Risk controlled strategies

These refer to investment approaches that aim to manage some of the risks which impact retiree portfolios such as downside risk, inflation risk and sequencing risk (this is the risk that large negative returns or withdrawals early on in retirement will affect the portfolio’s long term performance). These strategies will generally look to achieve an absolute return target instead of a return relative to a market benchmark. Such strategies are particularly important for retirees, who in most cases require exposure to growth assets to meet their retirement objectives, but are also sensitive to market and sequencing risk, which can have a material impact on the longevity of investment portfolios.

Income yield strategies

These generally look to maximise yield, either by targeting investments that generate a relatively high level of yield or by adopting certain trading strategies to maximise yield. Assets that generate yield will span a wide range of investments, from equity strategies that look to generate a yield higher than that of the market, to fixed income products that generate a yield higher than the cash rate.

These products also span the risk spectrum in terms of capital volatility and other risks, such as sector risk, interest rate risk and so on. Understanding risk in a yield targeting strategy is critical.

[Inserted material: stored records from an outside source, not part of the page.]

(* Let $f=x_0^3+x_1^3+x_2^3-x_3^2(3\lambda_0x_0+3\lambda_1x_1+3\lambda_2x_2-x_3)$ with $\lambda_0,\lambda_1,\lambda_2\in\mathbb{C}^*$ and $2(\lambda_0^{3/2}+\lambda_1^{3/2}+\lambda_2^{3/2})\neq1$ (for every choice of square roots). Then the scheme-theoretic intersection $H(f)\cap X_2$ is supported at the $7$ points $x_0^2-\lambda_0x_3^2,\ x_1^2-\lambda_1x_3^2,\ x_2^2-\lambda_2x_3^2,\ \lambda_1x_0^2-\lambda_0x_1^2,\ \lambda_2x_0^2-\lambda_0x_2^2,\ \lambda_2x_1^2-\lambda_1x_2^2,\ x_3(\lambda_0x_0+\lambda_1x_1+\lambda_2x_2-x_3)$, where the first three are double points and the remaining four are simple points. In particular $f$ lies on the Hessian discriminant.
   Context: $\mathbb{P}^9$ denotes the projective space of quadratic forms in $x_0,\dots,x_3$; $X_2\subset\mathbb{P}^9$ is the variety of quadratic forms of rank $\le2$ (defined by the $3\times3$ minors of the symmetric coefficient matrix), of degree $10$. For a cubic form $f$ whose four partial derivatives are linearly independent, $H(f)\subset\mathbb{P}^9$ is the projective $3$-plane spanned by $\partial f/\partial x_0,\dots,\partial f/\partial x_3$. $f$ lies on the Hessian discriminant iff $H(f)\cap X_2$ does not consist of $10$ reduced points. *)

theory Defs
  imports Complex_Main "HOL-Library.Poly_Mapping" "HOL-Library.Numeral_Type"
begin

text \<open>Polynomials in four variables over the complex numbers, variables indexed by the
  four-element type 4.  The same type is used both for forms in x0..x3 and for polynomials
  in the homogeneous coordinates a0..a3 of the 3-plane H(f).\<close>

type_synonym mpoly = "(4 \<Rightarrow>\<^sub>0 nat) \<Rightarrow>\<^sub>0 complex"

definition mconst :: "complex \<Rightarrow> mpoly" where
  "mconst c = Poly_Mapping.single 0 c"

definition mvar :: "4 \<Rightarrow> mpoly" where
  "mvar i = Poly_Mapping.single (Poly_Mapping.single i 1) 1"

definition meval :: "(4 \<Rightarrow> complex) \<Rightarrow> mpoly \<Rightarrow> complex" where
  "meval a p = (\<Sum>m\<in>Poly_Mapping.keys p. Poly_Mapping.lookup p m * (\<Prod>i\<in>(UNIV::4 set). a i ^ Poly_Mapping.lookup (m::4 \<Rightarrow>\<^sub>0 nat) i))"

definition mpderiv :: "4 \<Rightarrow> mpoly \<Rightarrow> mpoly" where
  "mpderiv i p = (\<Sum>m\<in>Poly_Mapping.keys p.
      Poly_Mapping.single (m - Poly_Mapping.single i 1) (of_nat (Poly_Mapping.lookup m i) * Poly_Mapping.lookup p m))"

text \<open>Symmetric coefficient matrix of a quadratic form q = sum_{i,j} M i j x_i x_j.\<close>
definition qmat :: "mpoly \<Rightarrow> 4 \<Rightarrow> 4 \<Rightarrow> complex" where
  "qmat q i j = (if i = j then Poly_Mapping.lookup q (Poly_Mapping.single i 2)
                 else Poly_Mapping.lookup q (Poly_Mapping.single i 1 + Poly_Mapping.single j 1) / 2)"

definition others :: "4 \<Rightarrow> 4 list" where
  "others r = filter (\<lambda>k. k \<noteq> r) [0, 1, 2, 3]"

definition det3 :: "(4 \<Rightarrow> 4 \<Rightarrow> 'a::comm_ring_1) \<Rightarrow> 4 list \<Rightarrow> 4 list \<Rightarrow> 'a" where
  "det3 A rs cs =
    (let r0 = rs!0; r1 = rs!1; r2 = rs!2; c0 = cs!0; c1 = cs!1; c2 = cs!2 in
       A r0 c0 * (A r1 c1 * A r2 c2 - A r1 c2 * A r2 c1)
     - A r0 c1 * (A r1 c0 * A r2 c2 - A r1 c2 * A r2 c0)
     + A r0 c2 * (A r1 c0 * A r2 c1 - A r1 c1 * A r2 c0))"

For example, many fixed income products that generate a high level of yield may be exposed to significant credit risk, while some high yielding equity funds are exposed to increased capital volatility.

Furthermore, particularly in the case of equity yield based strategies it is important to assess the sustainability of those yields, particularly in environments where yields are relatively high. In some cases, yield is generated at the expense of capital growth, hence balancing the two is important. Therefore, a retirement strategy solely comprising yield targeting strategies may be sub-optimal to achieve suitable client outcomes as clients will also need to grow their capital base to extend the life of their portfolio in retirement.